He stepped away from the mic. His legs seemed to shake as he walked off the stage.
Bodine saw she had two choices. Let those murmurs and hard looks turn to words, and maybe worse. Or start the healing.
She moved through the crowd, saw Chad stop, raise his tear-streaked face to hers. He broke into sobs when she slid an arm around him.
“All right now, Chad. You come with me now. You don’t blame yourself for what happened. She wouldn’t want you to. She wasn’t like that.”
She made sure her voice carried as she led him out of the memorial, and to the steps leading down.
In the heavy silence, Jessica walked quickly to the stage. From what she could see, Bodine had started turning the tide. She’d try to keep it moving.
“I didn’t know Billy Jean very well. I haven’t worked here as long as most of you. But I remember after my first week here, going into the Saloon. I was feeling good about the work, but a little out of place, maybe a little homesick.”
She brushed her hair back from her face. She’d left it down so it waved its way to her shoulders. More casual, more friendly, she thought, than wearing it up and sleek.
“I wanted to fit in here,” she continued, “so I went into the Saloon that evening. Billy Jean was working the bar. I asked her what she’d recommend, told her I’d just started working here.
“She told me she knew that already, that bartenders hear everything sooner or later, and usually sooner. She recommended a huckleberry margarita. I’m going to admit it didn’t sound appealing.”
On stage, Jessica smiled at the chuckles.
“A lot of customers were in there that night, and I noticed how easy she made her job look. How she had a smile for everybody, even if she was working with both hands. She put that drink in front of me. I looked at it thinking why in the hell did people around here put huckleberries in everything. Then I took a sip, and got the answer.”
She smiled again at the quick laughter, waited a moment. “I drank my first huckleberry margarita. Then I drank a second one, sitting at the bar, watching Billy Jean work. When she put a third one in front of me, I told her I couldn’t.
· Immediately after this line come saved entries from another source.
(* The greedy algorithm Degree (with $r=1$) is not an approximation algorithm for Minimum Congestion Dominating Set: for every real $c\ge 1$ there exist a graph $G$ and an execution of Degree on $G$ (i.e., a choice of tie-breaking) whose output $D$ satisfies $\overline{\mathrm{cong}}(D)>c\cdot\mathrm{mac}(G)$. In fact, for every $k\ge 2$, on the graph obtained from the complete bipartite graph $K_{k,k}$ with sides $A,B$ by attaching one pendant leaf to each vertex of $A\cup B$ (so $n=4k$), some execution outputs $D=A\cup B$ with $\overline{\mathrm{cong}}(D)=n/8+1$, while $\mathrm{mac}(G)=1$.
   Context: For $r=1$: a dominating set of $G=(V,E)$ is $D\subseteq V$ with $N[D]=V$ ($N[\cdot]$ closed neighborhood). The average congestion of $S$ is $\overline{\mathrm{cong}}(S)=\frac{1}{|V|}\sum_{x\in V}|N[x]\cap S|$ and $\mathrm{mac}(G)$ is its minimum over dominating sets. The algorithm Degree starts with $D=\emptyset$ and, while $N[D]\ne V$, adds to $D$ a vertex $v$ maximizing $|N[v]\setminus N[D]|$, breaking ties arbitrarily; it outputs $D$. *)

theory Defs
  imports Complex_Main
begin

definition graph :: "'a set \<Rightarrow> ('a \<Rightarrow> 'a \<Rightarrow> bool) \<Rightarrow> bool" where
  "graph V E \<longleftrightarrow> finite V \<and> (\<forall>x y. E x y \<longrightarrow> x \<in> V \<and> y \<in> V)
     \<and> (\<forall>x y. E x y \<longrightarrow> E y x) \<and> (\<forall>x. \<not> E x x)"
I had to drive home. Only to the Village, but I couldn’t get behind the wheel with three drinks in me. And she said: Honey, you go ahead and have that drink, and celebrate your first week here. That she was off in an hour, and she’d drive me home. So I did, and she did. It wasn’t the huckleberries that made me feel like I was beginning to fit in. It was Billy Jean.”
She stepped off the stage, took an emotional test of the air around her. And, deciding the tide had fully turned, moved to the background.
“That was a good thing.”
She glanced over at Chase. She hadn’t seen him move in her direction. “Your sister did the right thing. I just finished it off. And the story was God’s truth.”
“That was a good thing,” he repeated. “Just like this memorial. I want to say you put it together just the right way, and maybe you knew her better than you think.”
“I had a sense of her, and I talked to people who knew her well.” She looked around the space, at the photographs, the flowers, the faces. “All this has taught me a couple of things. I wish I’d spent more time sitting at the bar when she was working it. And she was—we all are—part of a whole, not just employees of a good company. Bodine told me some who came here today are seasonals, and some of them drove a hundred miles and more to come. That’s what family does. And that kind of sensibility comes from the top. Your family set that tone, and it rings true.”
“I’m going to apologize.”
She aimed those blue eyes straight into his, raised her eyebrows over them. “Are you?”
“I didn’t mean to make you feel you don’t belong.”
“You just don’t think I do?”
He shifted his feet. “I’m apologizing.”
“And I should be gracious enough to accept it. So I will. Bygones.” She held out a hand.
“All right.” Though it felt awfully damn small in his, Chase shook her hand. “I need to get back, but—”
“Miss Fancy’s sitting over there, and Rory’s due any minute. It’s fine if you go.”
“Then I’ll … ah…” Since he’d run out of words, he nodded, escaped.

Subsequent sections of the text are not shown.